On Dahuyan's point, the latest on Iraq's political/governance structure:

http://www.kurdishglobe.net/displayP...4CF9297CDAB21C

The article does a fair job of explaining some of the many unresolved sub-national issues pending in Iraq--mostly still chafing at the Baathist restructurings of 1976 and beyond.

Salah ad Din's testing of the Article 140 right to form its own region---the same as KRG---with broad political freedoms separate from a Central government.

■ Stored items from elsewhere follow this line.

lemma locally_soluble_odd_at_coefficient:
  assumes l: "prime l" "l \<noteq> 2" and nd: "\<not> l dvd d" "\<not> l dvd e" "\<not> l dvd m"
  shows "locally_soluble l d e l m"
proof -
  consider "Legendre d l = 1" | "Legendre (-(m*e)) l = 1"
    | "Legendre d l \<noteq> 1" "Legendre (-(m*e)) l \<noteq> 1" by blast
  then show ?thesis
  proof cases
    case 1 then show ?thesis using locally_soluble_odd_if_Legendre_d l by blast
  next
    case 2
    define X where "X = -(m*e) + l^2 * ((l - m) * e * d)"
    have "[X = -(m*e)] (mod l)" unfolding X_def by (simp add: cong_iff_dvd_diff power2_eq_square)
    then have "square_mod_powers l X"
      using 2 Legendre_cong l square_mod_powers_if_Legendre_eq_1 by metis
    moreover have "[1 + l^2 * d = 1] (mod l)" by (simp add: cong_iff_dvd_diff power2_eq_square)
    then have "square_mod_powers l (1 + l^2*d)"
      using Legendre_cong Legendre_1[OF l(1)] l square_mod_powers_if_Legendre_eq_1 by metis
    moreover have "d * (X + l*e) * (X + m*e) = (l * (l-m) * e * d)^2 * (1 + l^2*d)"
      unfolding X_def by (simp add: power2_eq_square algebra_simps)
    ultimately show ?thesis using locally_soluble_if_square_abscissa[OF l(1)] by blast
  next
    case 3
    text \<open>Now \<open>d\<close> and \<open>-m e\<close> are nonresidues; a unit \<open>x\<close> with \<open>x^2 + m e\<close> a nonresidue
      makes the value at \<open>(x,1)\<close> a residue.\<close>
    have "\<not> l dvd m*e" using nd l(1) by (simp add: prime_dvd_mult_iff)
    then obtain x where x: "\<not> l dvd x" "Legendre (x^2 + m*e) l \<noteq> 1"
      using exists_Legendre_square_add_ne_1[OF l(1)] by blast
    have "\<not> l dvd x^2 + m*e"
    proof
      assume "l dvd x^2 + m*e"
      then have "l dvd -(x^2 + m*e)" by (simp only: dvd_minus_iff)
      then have "[-(m*e) = x^2] (mod l)" by (simp add: cong_iff_dvd_diff algebra_simps)
      then have "Legendre (-(m*e)) l = Legendre (x^2) l" by (rule Legendre_cong)
      then show False using 3 Legendre_square[OF l(1) x(1)] by simp
    qed
    then have "Legendre (x^2 + m*e) l = -1" using Legendre_unit x(2) by blast
    moreover have "Legendre d l = -1" using Legendre_unit[OF nd(1)] 3 by blast
    moreover have "[x^2 + l*e = x^2] (mod l)" by (simp add: cong_def)
    then have "Legendre (x^2 + l*e) l = 1" using Legendre_cong Legendre_square[OF l(1) x(1)] by simp
    ultimately have "Legendre (d * (x^2 + l*e*1^2) * (x^2 + m*e*1^2)) l = 1"
      using Legendre_mult[OF l] by simp
    then have "square_mod_powers l (d * (x^2 + l*e*1^2) * (x^2 + m*e*1^2))"
      using square_mod_powers_if_Legendre_eq_1 l by blast
    then show ?thesis
      by (intro locally_soluble_if_square_value[of l x 1 d l e m 1]) (use x(1) in auto)
  qed
qed

lemma locally_soluble_2_if_d_cong_1:
  assumes "[d = 1] (mod 8)"
  shows "locally_soluble 2 d e a b"
  by (rule locally_soluble_if_square_value[of 2 1 0 d a e b 1 d])
     (use assms square_mod_powers_2_if_cong_1_mod_8 in auto)

lemma locally_soluble_2_if_abd_cong_1:
  assumes "[a*b*d = 1] (mod 8)"
  shows "locally_soluble 2 d e a b"
  by (rule locally_soluble_if_square_value[of 2 0 1 d a e b e "a*b*d"])
     (use assms square_mod_powers_2_if_cong_1_mod_8 in \<open>auto simp: power2_eq_square algebra_simps\<close>)

lemma odd_mod_8_cases:
  fixes x :: int
  assumes "odd x"
  shows "x mod 8 \<in> {1,3,5,7}"
  using assms by simp presburger
(* Let $f\equiv 1$ and let $g:(0,1]\to(0,\infty)$ be arbitrary. Then the voting scheme $(f,g)$ is not fair for all sample sizes $k$: there exists $k\ge 1$ such that, with sample size $k$, the fairness condition $v_i=v_{i_1}+v_{i_2}$ fails for some network, node and splitting ratio.
   Context: A network consists of $N$ nodes with weights $m_1,\dots,m_N>0$, $\sum_{i=1}^N m_i=1$. A voting scheme is a pair of functions $(f,g)$ from $(0,1]$ to $(0,\infty)$. In each query round a node samples $k\ge 1$ nodes independently with replacement, node $j$ being chosen with probability $p_j=f(m_j)/\sum_{i=1}^N f(m_i)$; each opinion of node $j$ is weighted by $g_j=g(m_j)$. The voting power of node $i$ is $$v_i=\sum_{\mathbf y\in\mathbb N^N:\ y_1+\dots+y_N=k}\frac{k!}{y_1!\cdots y_N!}\,\frac{y_i g_i}{\sum_{n=1}^N y_n g_n}\prod_{j=1}^N p_j^{y_j},$$ where $\mathbb N=\{0,1,2,\dots\}$. Splitting: node $i$ of weight $m_i$ is replaced by two nodes $i_1,i_2$ of weights $x m_i$ and $(1-x)m_i$, $x\in(0,1)$, all other nodes unchanged; $v_{i_1},v_{i_2}$ denote the voting powers in the new network (with the same $k$). The scheme is fair for sample size $k$ if $v_i=v_{i_1}+v_{i_2}$ for every network, every node $i$ and every $x\in(0,1)$. *)

theory Defs
  imports Complex_Main
begin

definition network :: "nat \<Rightarrow> (nat \<Rightarrow> real) \<Rightarrow> bool" where
  "network N m \<longleftrightarrow> (\<forall>i<N. 0 < m i) \<and> (\<Sum>i<N. m i) = 1"

definition occ :: "nat \<Rightarrow> nat \<Rightarrow> (nat \<Rightarrow> nat) set" where
  "occ N k = {y. (\<forall>j\<ge>N. y j = 0) \<and> (\<Sum>j<N. y j) = k}"

definition prob :: "(real \<Rightarrow> real) \<Rightarrow> nat \<Rightarrow> (nat \<Rightarrow> real) \<Rightarrow> nat \<Rightarrow> real" where
  "prob f N m j = f (m j) / (\<Sum>i<N. f (m i))"

definition vpower :: "(real \<Rightarrow> real) \<Rightarrow> (real \<Rightarrow> real) \<Rightarrow> nat \<Rightarrow> nat \<Rightarrow> (nat \<Rightarrow> real) \<Rightarrow> nat \<Rightarrow> real" where
  "vpower f g N k m i =
     (\<Sum>y\<in>occ N k. (fact k / (\<Prod>j<N. fact (y j)))
        * (real (y i) * g (m i) / (\<Sum>n<N. real (y n) * g (m n)))
        * (\<Prod>j<N. prob f N m j ^ y j))"

text \<open>Splitting node i (of an N-node network) with ratio x: node i_1 keeps index i and gets
  weight x * m i, node i_2 is appended with index N and weight (1-x) * m i.\<close>
definition split_node :: "nat \<Rightarrow> (nat \<Rightarrow> real) \<Rightarrow> nat \<Rightarrow> real \<Rightarrow> (nat \<Rightarrow> real)" where
  "split_node N m i x = m(i := x * m i, N := (1 - x) * m i)"

definition fair :: "(real \<Rightarrow> real) \<Rightarrow> (real \<Rightarrow> real) \<Rightarrow> nat \<Rightarrow> bool" where
  "fair f g k \<longleftrightarrow>
     (\<forall>N m i x. network N m \<and> i < N \<and> 0 < x \<and> x < 1 \<longrightarrow>
        vpower f g N k m i =
          vpower f g (Suc N) k (split_node N m i x) i + vpower f g (Suc N) k (split_node N m i x) N)"

end

theory Submission
  imports Defs
begin

text \<open>With a single sample the voting power of a node is just its sampling probability. For f = 1 this probability is 1/N: splitting a node of a 2-node
  network turns its power 1/2 into 1/3 + 1/3.\<close>

definition unit_occ :: "nat \<Rightarrow> nat \<Rightarrow> nat" where
  "unit_occ j = (\<lambda>n. if n = j then 1 else 0)"

lemma inj_unit_occ: "inj unit_occ"
  unfolding inj_def unit_occ_def by (metis zero_neq_one)

lemma occ_one: "occ N 1 = unit_occ ` {..<N}"
proof
  show "unit_occ ` {..<N} \<subseteq> occ N 1"
    by (auto simp: occ_def unit_occ_def sum.delta)
next
  show "occ N 1 \<subseteq> unit_occ ` {..<N}"
  proof
    fix y assume "y \<in> occ N 1"
    hence outside: "\<forall>j\<ge>N. y j = 0" and total: "(\<Sum>j<N. y j) = 1"
      by (auto simp: occ_def)
    obtain j where j: "j < N" "y j \<noteq> 0"
      using total by (metis lessThan_iff sum.neutral zero_neq_one)
    have "(\<Sum>n<N. y n) = y j + (\<Sum>n\<in>{..<N}-{j}. y n)"
      using j by (simp add: sum.remove)
    hence "y j = 1" and rest: "(\<Sum>n\<in>{..<N}-{j}. y n) = 0"
      using total j by linarith+
    have "y n = unit_occ j n" for n
      by (cases "n < N") (use \<open>y j = 1\<close> rest outside in \<open>auto simp: unit_occ_def\<close>)
    hence "y = unit_occ j" ..
    thus "y \<in> unit_occ ` {..<N}" using j by auto
  qed
qed

lemma vpower_one_sample:
  assumes "i < N" and "g (m i) \<noteq> 0"
  shows "vpower f g N 1 m i = prob f N m i"
proof -
  have summand: "(fact 1 / (\<Prod>n<N. fact (unit_occ j n)))
        * (real (unit_occ j i) * g (m i) / (\<Sum>n<N. real (unit_occ j n) * g (m n)))
        * (\<Prod>n<N. prob f N m n ^ unit_occ j n) = (if j = i then prob f N m i else 0)"
    if "j < N" for j
  proof -
    have "(\<Prod>n<N. (fact (unit_occ j n) :: real)) = 1"
      by (rule prod.neutral) (simp add: unit_occ_def)
    moreover have "(\<Prod>n<N. prob f N m n ^ unit_occ j n) = prob f N m j"
      using that by (simp add: unit_occ_def prod.delta if_distrib[of "\<lambda>e. _ ^ e"] cong: if_cong)
    moreover have "(\<Sum>n<N. real (unit_occ j n) * g (m n)) = g (m j)"
      using that by (simp add: unit_occ_def if_distrib[of real] if_distrib[of "\<lambda>c. c * _"] sum.delta cong: if_cong)
    ultimately show ?thesis
      using assms by (simp add: unit_occ_def)
  qed
  have "vpower f g N 1 m i = (\<Sum>j<N. if j = i then prob f N m i else 0)"
    unfolding vpower_def occ_one sum.reindex[OF inj_on_subset[OF inj_unit_occ subset_UNIV]]
    by (rule sum.cong) (simp_all only: summand lessThan_iff o_def)
  also have "\<dots> = prob f N m i"
    using assms by simp
  finally show ?thesis .
qed

lemma prob_uniform: "i < N \<Longrightarrow> prob (\<lambda>_. 1) N m i = 1 / real N"
  by (simp add: prob_def)

theorem theorem2:
  fixes g :: "real \<Rightarrow> real"
  assumes "\<forall>t. 0 < t \<and> t \<le> 1 \<longrightarrow> 0 < g t"
  shows "\<exists>k\<ge>1. \<not> fair (\<lambda>_. 1) g k"
proof (intro exI conjI)
  define m :: "nat \<Rightarrow> real" where "m = (\<lambda>_. 1/2)"
  define m' where "m' = split_node 2 m 0 (1/2)"
  have g_nonzero: "g (1/2) \<noteq> 0" "g (1/4) \<noteq> 0"
    using assms[rule_format, of "1/2"] assms[rule_format, of "1/4"] by auto
  have net: "network 2 m"
    by (simp add: network_def m_def)
  have before: "vpower (\<lambda>_. 1) g 2 1 m 0 = 1/2"
    using vpower_one_sample[of 0 2 g m] prob_uniform[of 0 2] g_nonzero by (simp add: m_def)
  have after: "vpower (\<lambda>_. 1) g 3 1 m' i = 1/3" if "i \<in> {0, 2}" for i
    using vpower_one_sample[of i 3 g m'] prob_uniform[of i 3] g_nonzero that
    by (auto simp: m'_def m_def split_node_def)
  show "\<not> fair (\<lambda>_. 1) g 1"
  proof
    assume "fair (\<lambda>_. 1) g 1"
    hence "vpower (\<lambda>_. 1) g 2 1 m 0 = vpower (\<lambda>_. 1) g (Suc 2) 1 m' 0 + vpower (\<lambda>_. 1) g (Suc 2) 1 m' 2"
      using net unfolding fair_def m'_def by (elim allE[of _ 2] allE[of _ m] allE[of _ 0] allE[of _ "1/2"]) simp
    thus False
      using before after[of 0] after[of 2] by simp
  qed
qed (simp)

end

In large part, the right to regional governance ala Article 140 is heavily supported by all sides (as a refuge from Central government abuse) but with many varying maelstroms of conflict around the practicalities of it. Central government sends a fixed percentage of money; own courts; police, internal army, etc... (Just like KRG, and what Ganulv's reported proposal suggests).

If Salah ad Din were its own largely Sunni region, does Balad/Ad DuJail (mostly Shia) return to Baghdad Amenate, as geography, population and political history factors suggest? What to make of Sammara, a Sunni city of great Shia religious significance and national importance?

Does, as the Kurdish article suggests, Kirkuk become reconstituted, with Kalar, Kifri and Tuz Hormatu get re-attached (whether from Sulimaniya or Salah ad Din)?

If all this rolling back to pre-1976 sub-national structures were considered, what about returning the Haj Trail lands (the routes from Qom to Karbala/Najaf to Mecca) back to those cities, and away from Sunni Anbar?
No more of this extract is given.